Item-by-item analysis showed a significant reduction in score in only 11 of 59 items Table 4. The need for such a measure that is properly developed, psycho-metrically robust and specific to the condition in question is apparent.

Good construct validity was demonstrated in differences between 1 patient and general population samples, 2 members of the general population concerned and not concerned about their appearance, and 3 in patterns of convergent and divergent correlations with a range of established scales. Table 3 shows the mean values pre- and postoperatively at the item level.

Participant responses relate to concerns and behaviours within the context of overall self-consciousness Psychosocial functioning in children with and without orofacial clefts and their parents. Self-reported social, speech, and facial concerns and personality adjustment of adolescents with cleft lip and palate. Pre- and postoperative measures were scored and compared. Secondary rhinoplasty, one of the final procedures in addressing the stigma of the cleft lip and palate CLPhas both functional and aesthetic objectives.

The original DAS uses 59 items and is suited for detailed clinical investigation or assessment of the individual 12 Measuring quality of life in cleft lip and palate patients: Twenty consecutive patients presented for secondary cleft rhinoplasty surgery between May and May It provides valid and reliable data for clinical audit and governance and for evaluating the merits of one treatment protocol against another. Intellectual, achievement, behavioral and personality variables.


Richman LC, Eliason M. Measuring outcomes in craniofacial and pediatric plastic surgery.

Psychological profile of Chinese with cleft lip and derrifford deformities. The general population data revealed widespread concerns about appearance.

Distress from being unable to change hairstyle. Many PRO instruments have been used in plastic surgery; however, for a PRO instrument to be scientifically sound it should assess the impact of surgical intervention in a clinically meaningful manner 7.

Derriford Appearance Scale – Short form (DAS24)

Measuring Functioning and Well-Being: A comprehensive review of the literature. The study was approved by the hospital research ethics board. Neither the decreases in facial self-consciousness FSC nor Phys were statistically significant in this group.

Adult psychological functioning of individuals born with craniofacial anomalies. However, a small number of items within this generic scale contributing to this difference may suggest the need for a more patient specific measure for assessment of surgical outcomes in the cleft population.

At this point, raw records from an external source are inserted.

lemma bd_p_lyapunov_bound:
  fixes b d V :: "nat \<Rightarrow> real" and C :: real
  assumes "\<And>i. b i \<ge> 0" "\<And>i. d i \<ge> 0" "\<And>i. V i \<ge> 0" "C \<ge> 0"
    and "\<And>i. bd_generator b d V i \<le> C * V i" and "t \<ge> 0"
  shows "(\<Sum>j. bd_p b d t i j * ennreal (V j)) \<le> ennreal (exp (C * t) * V i)"
proof -
  have "(\<Sum>j. bd_p b d t i j * ennreal (V j)) = (\<Sum>j. SUP n. (\<Sum>m<n. bd_pn b d m t i j) * ennreal (V j))"
    unfolding bd_p_def suminf_eq_SUP SUP_mult_right_ennreal ..
  also have "\<dots> = (SUP n. \<Sum>j. (\<Sum>m<n. bd_pn b d m t i j) * ennreal (V j))"
    by (intro ennreal_suminf_SUP_eq incseq_SucI mult_right_mono) auto
  also have "\<dots> \<le> ennreal (exp (C * t) * V i)"
    using assms by (intro SUP_least bd_pn_partial_sum_lyapunov_bound)
  finally show ?thesis .
qed

lemma Z_rates_nonneg:
  assumes "\<theta> \<ge> 0" "\<gamma> \<ge> 0"
  shows "Z_birth \<sigma> \<theta> N k \<ge> 0" "Z_death \<sigma> \<gamma> N k \<ge> 0"
proof -
  show "Z_birth \<sigma> \<theta> N k \<ge> 0"
    using assms by (simp add: Z_birth_def)
  have "real k * (real k - 1) \<ge> 0"
    by (cases k) auto
  then show "Z_death \<sigma> \<gamma> N k \<ge> 0"
    using assms by (simp add: Z_death_def)
qed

Correlations with other appropriate standardised tests show good criterion validity and good construct validity. The DAS measures the underlying construct of adjustment to problems in appearance.

Currently available patient-reported outcomes measures. In plastic and reconstructive surgery, it is important to have condition-specific measures given that generic measures often miss the issues that matter the most to patients. Content validity has appeaarnce assured by basing scald scale’s items on a detailed autobiographical study of representative patients.

Distress from being unable to answer the front door. Measuring outcomes in aesthetic surgery: This outcome assessment may include photographic analysis, anatomical measurements and complications. Current approaches and future directions. Evaluation of esthetic, functional, and quality-of-life outcome in adult cleft lip and palate patients.